8.13.2013

The year of reading dangerously

A reader in her natural habitat.
According to my list, I've read a stupidly large number of books since last September. (I'll publish the full list in a few weeks when my book year ends.) I didn't know when I bought an iPad last year and switched to ebooks that I would be able to read so much more in a twelvemonth. I've been joking that turning pages in a physical book was wasting valuable reading time, but I had no idea how true it was until I updated my last last night. I've managed to cram in an extra thirty books over my yearly average.

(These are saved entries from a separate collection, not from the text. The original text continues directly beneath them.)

(* Let $\xi_1,\dots,\xi_n$ be independent random variables taking values in $\mathbb{Z}_+=\{0,1,2,\dots\}$, where for each $i$ the probability generating function $\psi_{\xi_i}$ satisfies $$\frac{\psi'_{\xi_i}(w)}{\psi_{\xi_i}(w)}=\sum_{j=0}^{\infty} g_{i,j+1}w^j$$ for real coefficients $g_{i,j+1}$, the series converging absolutely. Let $W_n=\sum_{i=1}^n\xi_i$ and $\mu=\sum_{i=1}^n\sum_{j=0}^\infty g_{i,j+1}$. Then a Stein operator for $W_n$ is $$\mathscr{A}_{W_n}h(j)=\mu\, h(j+1)-j\,h(j)+\sum_{i=1}^{n}\sum_{k=0}^{\infty}\sum_{l=1}^{k}g_{i,k+1}\,\Delta h(j+l),\qquad j\in\mathbb{Z}_+,$$ that is, $\mathbb{E}[\mathscr{A}_{W_n}h(W_n)]=0$ for all $h\in H_{W_n}$.
   Context: $\Delta h(j)=h(j+1)-h(j)$ is the forward difference. $H$ denotes the set of bounded functions $h:\mathbb{Z}_+\to\mathbb{R}$, and for a random variable $\bar X$, $H_{\bar X}=\{h\in H: h(0)=0 \text{ and } h(j)=0 \text{ for } j\notin \mathrm{Supp}(\bar X)\}$. A Stein operator for $\bar X$ is an operator $\mathscr{A}_{\bar X}$ on such functions with $\mathbb{E}[\mathscr{A}_{\bar X}h(\bar X)]=0$ for the relevant class of $h$. $\mu$ equals the mean of $W_n$. *)

theory Defs
  imports "HOL-Probability.Probability"
begin

definition pgf :: "'a measure \<Rightarrow> ('a \<Rightarrow> nat) \<Rightarrow> real \<Rightarrow> real" where
  "pgf M X w = (\<integral>\<omega>. w ^ X \<omega> \<partial>M)"

definition supp_rv :: "'a measure \<Rightarrow> ('a \<Rightarrow> nat) \<Rightarrow> nat set" where
  "supp_rv M X = {j. measure M {\<omega> \<in> space M. X \<omega> = j} > 0}"

definition fdiff :: "(nat \<Rightarrow> real) \<Rightarrow> nat \<Rightarrow> real" where
  "fdiff h j = h (j + 1) - h j"

definition H_class :: "'a measure \<Rightarrow> ('a \<Rightarrow> nat) \<Rightarrow> (nat \<Rightarrow> real) set" where
  "H_class M X = {h. bounded (range h) \<and> h 0 = 0 \<and> (\<forall>j. j \<notin> supp_rv M X \<longrightarrow> h j = 0)}"

definition stein_op :: "real \<Rightarrow> nat \<Rightarrow> (nat \<Rightarrow> nat \<Rightarrow> real) \<Rightarrow> (nat \<Rightarrow> real) \<Rightarrow> nat \<Rightarrow> real" where
  "stein_op \<mu> n g h j =
     \<mu> * h (j + 1) - real j * h j
     + (\<Sum>i=1..n. \<Sum>k. \<Sum>l=1..k. g i (k + 1) * fdiff h (j + l))"

end

theory Submission
  imports Defs "HOL-Analysis.FPS_Convergence"
begin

While I've been able to read more, ebooks have changed my reading habits in ways that I'm not altogether sure are positive. I've hard to start taking notes on what I read for the first time since graduate school. This might be a good thing in that I'm not just slapping a review together when I finish a book. On the other hand, I'm taking frakking notes, people. I'm not able to remember plots as well as I used to. (No Alzheimer's jokes, please.) I can remember reading books. I can remember what I liked and disliked, for the most part. But when I talk books with people now, I have to refer back to the blog a lot more to remember why I liked and disliked it in the first place because I've probably read a couple dozen books since then.

Am I going to slow down? Hells, no! I'm not sure I could slow down. The subjective experience of reading for me is still as immersive and rich as always. Nothing else compares to it. I think my reviews have gotten better. I just worry that I might end up like my bookworm of a niece who reads so fast that she can't remember what she just read. Hence, notes.

I worried when I started taking notes that it would take away some of the pleasure of reading. So far, it hasn't. I think it's been keeping me reading deeply rather than just speeding through to see what happens next. Because I'm taking notes, I feel like I need to think up something worth the effort of breaking my reading stride and committing it to paper. So, I question what I'm reading, the authors' motives, the symbolism of the text, and on and on. I think it made me enjoy Sean Ferrell's The Man in the Empty Suit more than I might have if I hadn't been so determined to find and understand the subtext.

I wonder what my next book year is going to be like. I might pass from reading a stupidly large number of books to a truly terrifying number of books. Maybe I'll just tell people how many feet of book I read instead of giving them the number.

1 comment:

  1. Taking notes is awesome! Don't let anybody tell you differently.
    I have had a very slow reading year (for me) but hopefully I'll have the Cybils to propel me forward. I have noticed, however, in the year or so that I've had my Nook, that I tend to read the books more quickly.